Consumers’ card balances surged in March, breaking a two-month streak of declines and helping boost overall consumer credit card balances by 10.2 percent — the single biggest increase in more than a decade
The Federal Reserve’s latest G.19 consumer credit report showed a strong 7.8 percent rise in revolving debt as more consumers pulled out their wallets and let their card balances swell. Revolving debt, which is made up almost entirely of credit card debt, rose by $5.1 billion in March to $798.5 billion.
March’s rise in credit card debt marks the first time this year card balances have grown. Consumer debt tumbled in the first two months of 2012, after rising steadily for four straight months. However, experts say that shrinking card balances in January and February were likely due to seasonal factors — chiefly, paying off holiday debt — and shouldn’t be taken as an indication that consumers are pulling back on credit.
“I think that was a temporary blip,” says David Nice, an associate economist with Mesirow Financial. The economy has been growing steadily, says Nice, and retail sales have been especially strong in the past several months.
Now that consumers have put the holiday bills behind them, they’re likely to resume charging to their cards, adds Dennis Moroney, research director in the bank cards division with advisory services firm TowerGroup.
The Fed’s G.19 consumer credit report also looks at nonrevolving debt, which includes auto loans, student loans and loans for mobile homes, boats and trailers. Nonrevolving debt went up 11.3 percent to $1.7 trillion in March. Overall consumer credit — the combination of both revolving and nonrevolving debt — jumped 10.2 percent in March, hitting $2.5 trillion.
“The last time we saw an increase that large or larger was in November of 2001 when total consumer credit increased by 18.4 percent,” says Susan Stawick, a spokeswoman for the Federal Reserve.
The new normal?
Despite the smaller balances in the first two months of the year, card balances have grown five months out of seven and experts predict that we’ll continue to see balances rise as more cardholders get comfortable with bigger balances.
The fitful increases in the past seven months mark a significant departure from the previous three years when recession-weary consumers concentrated on paying down their existing credit card debt.
During the depths of the recession, banks made it much more difficult for consumers with less than perfect credit to borrow, and charged off significant debt from those unable to pay their bills. Consumers, meanwhile, cut back on spending and largely ignored new card offers.
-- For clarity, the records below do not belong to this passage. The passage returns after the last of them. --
text \<open>P implements A: Bayesian incentive compatibility plus revenue equivalence.\<close>
definition implements :: "nat \<Rightarrow> (nat \<Rightarrow> real) \<Rightarrow> (nat \<Rightarrow> real \<Rightarrow> real) \<Rightarrow>
    ((nat \<Rightarrow> real) \<Rightarrow> nat \<Rightarrow> real) \<Rightarrow> ((nat \<Rightarrow> real) \<Rightarrow> nat \<Rightarrow> real) \<Rightarrow> bool" where
  "implements n vbar f A P \<longleftrightarrow>
     (\<forall>i<n. \<forall>vi\<in>{0..vbar i}. \<forall>vi'\<in>{0..vbar i}.
        interim n vbar f i (\<lambda>v. v i * A v i - P v i) vi \<ge>
        interim n vbar f i (\<lambda>v. v i * A (v(i := vi')) i - P (v(i := vi')) i) vi) \<and>
     (\<forall>i<n. \<forall>vi\<in>{0..vbar i}. interim n vbar f i (\<lambda>v. P v i) vi = interim_payment n vbar f A i vi)"

definition expost_IR :: "nat \<Rightarrow> (nat \<Rightarrow> real) \<Rightarrow>
    ((nat \<Rightarrow> real) \<Rightarrow> nat \<Rightarrow> real) \<Rightarrow> ((nat \<Rightarrow> real) \<Rightarrow> nat \<Rightarrow> real) \<Rightarrow> bool" where
  "expost_IR n vbar A P \<longleftrightarrow> (\<forall>v\<in>types n vbar. \<forall>i<n. 0 \<le> v i * A v i - P v i)"

definition wpb_bid :: "nat \<Rightarrow> (nat \<Rightarrow> real) \<Rightarrow> (nat \<Rightarrow> real \<Rightarrow> real) \<Rightarrow>
    ((nat \<Rightarrow> real) \<Rightarrow> nat \<Rightarrow> real) \<Rightarrow> nat \<Rightarrow> real \<Rightarrow> real" where
  "wpb_bid n vbar f A i vi =
     (if interim_alloc n vbar f A i vi > 0
      then interim_payment n vbar f A i vi / interim_alloc n vbar f A i vi else 0)"

definition wpb :: "nat \<Rightarrow> (nat \<Rightarrow> real) \<Rightarrow> (nat \<Rightarrow> real \<Rightarrow> real) \<Rightarrow>
    ((nat \<Rightarrow> real) \<Rightarrow> nat \<Rightarrow> real) \<Rightarrow> (nat \<Rightarrow> real) \<Rightarrow> nat \<Rightarrow> real" where
  "wpb n vbar f A v i = wpb_bid n vbar f A i (v i) * A v i"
However, now that the economy is showing signs of life again, cardholders and banks are beginning to reconcile and that’s good news for economic growth, say experts.
For example, banks are gradually easing their lending standards, according to data released at the end of April by the Federal Reserve, making it easier for cardholders with less-than-perfect credit to qualify for cards with favorable terms. Meanwhile, consumers are showing a bigger appetite for credit and applying for more cards.
The number of people who are missing their credit card payments is also down significantly, adds Moroney, and that’s made it easier for banks to take risks on new cardholders. “The banks are a little more emboldened to be easing credit and they are,” he says.
That said, consumers are still facing an uncertain economic environment and that makes it difficult to predict how their finances will fare throughout the year. The U.S. economy added just 115,000 jobs in April, according to the Bureau of Labor Statistics, disappointing economists who hoped for more robust growth.
“The jobs numbers are not as strong as we would like and that may lead some people to feel insecure about their jobs even though we haven’t seen mass layoffs,” says Nice.
Consumers are also contending with higher food and gas prices, which may be pushing card balances up and increasing consumers’ uncertainty about their ability to pay their bills. The consumer price index rose .3 percent, according to the labor bureau, down slightly from February.
However, despite the higher prices and lackluster jobs numbers, consumers are still hitting the malls, according to the National Retail Foundation, and spending more of their income on discretionary items such as building materials and gardening supplies, clothing and entertainment.
“There’s a lot of pent-up demand in the market,” says Nice. “A lot of people had been sitting on the sidelines waiting for better economic numbers.” Now that the economy is looking slightly better, they’re ready to start replacing broken-down goods.
Many consumers also say they are feeling better about their personal finances, according to the Thomson Reuters/University of Michigan Survey of Consumers, and are less pessimistic about their jobs prospects.
“More households reported an improved financial situation than anytime in the past four years and more consumers than ever before in the long history of the surveys reported hearing of improved employment conditions,” said University of Michigan economist Richard Curtin in a news release. “Although consumers are not yet optimistic about future economic prospects, pessimism has recently faded at a rapid pace,” added Curtin.